Example 13: synthesis of (S) -1- (3- (benzothien-3-yl) -2- (dimethylamino) propyl) -3- (3-fluorophenethyl) urea (Ib-4)
13.1 Synthesis of 4-nitrophenyl (3-fluorophenethyl) carbamate (6 b-4)
In the synthesis of intermediate 6b-4, benzylamine (5 a-1) was replaced with 3-fluorophenylethylamine (5 b-4), and the other operations were the same as for the synthesis of 6a-1, to give white solid 6b-4.
13.2 Synthesis of (S) -1- (3- (benzothien-3-yl) -2- (dimethylamino) propyl) -3- (3-fluorophenethyl) urea (Ib-4)
In the synthesis of Ib-4, 4-nitrophenyl benzyl carbamate (6 a-1) was replaced with 4-nitrophenyl (3-fluorophenethyl) carbamate (6 b-4), and the other procedures were the same as for the synthesis of Ia-1, to give Ib-4 as a yellow oil.

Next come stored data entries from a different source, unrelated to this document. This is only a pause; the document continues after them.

theorem proposition1:
  fixes \<rho> \<epsilon> \<nu> \<omega> \<mu> u :: "real \<Rightarrow> real"
  assumes "smooth01 \<rho>" and "smooth01 \<epsilon>" and "smooth01 \<nu>" and "smooth01 \<omega>" and "smooth01 \<mu>"
    and "\<forall>s\<in>{0..1}. \<rho> s > 0 \<and> \<omega> s > 0 \<and> \<nu> s \<ge> 0 \<and> \<mu> s \<ge> 0 \<and> \<epsilon> s > 0"
    and "\<mu> 1 = 0" and "(\<mu> has_real_derivative 0) (at 1 within {0..1})"
    and "\<exists>D. Ck_on01 2 u D"
    and "\<forall>s\<in>{0..1}. u s \<in> {-1..1}"
  shows "stationary_solution \<epsilon> \<nu> \<omega> \<mu> u (q_expl \<epsilon> \<omega> \<mu> u) (sigma_expl \<epsilon> \<omega> \<mu> u) \<and>
         (\<forall>q \<sigma>. stationary_solution \<epsilon> \<nu> \<omega> \<mu> u q \<sigma> \<longrightarrow>
            (\<forall>s\<in>{0..1}. q s = q_expl \<epsilon> \<omega> \<mu> u s \<and> \<sigma> s = sigma_expl \<epsilon> \<omega> \<mu> u s))"
proof -
  obtain D where "Ck_on01 2 u D"
    using assms(9) by blast
  \<comment> \<open>\<open>\<rho>\<close> does not enter the stationary problem.\<close>
  moreover have "\<forall>s\<in>{0..1}. 0 < \<omega> s \<and> 0 \<le> \<nu> s \<and> 0 \<le> \<mu> s \<and> 0 < \<epsilon> s"
    using assms(6) by blast
  ultimately obtain \<epsilon>' k' k'' where "stationary_problem \<epsilon> \<nu> \<omega> \<mu> u \<epsilon>' k' k''"
    using stationary_problemI assms(2-5,7,8,10) by metis
  then interpret stationary_problem \<epsilon> \<nu> \<omega> \<mu> u \<epsilon>' k' k'' .
  show ?thesis
    using stationary_solution_expl stationary_solution_unique by blast
qed

end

HRESIMS m/z 400.1861[ M+H ] ] + . 1 H NMR(400MHz,DMSO-d 6 )δ:2.33(s,6H),2.67–2.71(m,2H),2.87–3.01(m,3H),3.06–3.11(m,1H),3.09–3.20(m,1H),3.47–3.51(m,2H),5.68(br s,1H),5.91(br s,1H),6.97-7.18(m,3H),7.33–7.41(m,3H),7.45(s,1H),7.75–7.79(m,1H),7.91–7.95(m,1H)。
Example 14: synthesis of (S) -1- (3- (benzothien-3-yl) -2- (dimethylamino) propyl) -3- (4-fluorophenethyl) urea (Ib-5)
14.1 Synthesis of 4-nitrophenyl (4-fluorophenethyl) carbamate (6 b-5)
In the synthesis of intermediate 6b-5, benzylamine (5 a-1) was replaced with 4-fluorophenylethylamine (5 b-5), and the other operations were the same as for the synthesis of 6a-1, to give white solid 6b-5.
14.2 Synthesis of (S) -1- (3- (benzothien-3-yl) -2- (dimethylamino) propyl) -3- (4-fluorophenethyl) urea (Ib-5)
In the synthesis of Ib-5, 4-nitrophenyl benzyl carbamate (6 a-1) was replaced with 4-nitrophenyl (4-fluorophenethyl) carbamate (6 b-5), and the other procedures were the same as for the synthesis of Ia-1, to give Ib-5 as a yellow oil. HRESIMS m/z 400.1861[ M+H ]] + . 1 H NMR(400MHz,DMSO-d 6 )δ:2.32(s,6H),2.57–2.61(m,1H),2.87–3.01(m,3H),3.06–3.09(m,1H),3.20–3.24(m,1H),3.56–3.62(m,3H),5.97(br s,2H),6.97-7.18(m,4H),7.35–7.49(m,2H),7.43(s,1H),7.78–7.80(m,1H),7.92–7.95(m,1H)。
Example 15: synthesis of (S) -1- (3- (benzothien-3-yl) -2- (dimethylamino) propyl) -3- (3-hydroxyphenylethyl) urea (Ib-6)
15.1 Synthesis of 4-nitrophenyl (3-hydroxyphenylethyl) carbamate (6 b-6)
In the synthesis of intermediate 6b-6, benzylamine (5 a-1) was replaced with 3-hydroxyphenylethylamine (5 b-6), and the other operations were the same as for the synthesis of 6a-1, to give white solid 6b-6.
6.2 Synthesis of (S) -1- (3- (benzothien-3-yl) -2- (dimethylamino) propyl) -3- (3-hydroxyphenylethyl) urea (Ib-6)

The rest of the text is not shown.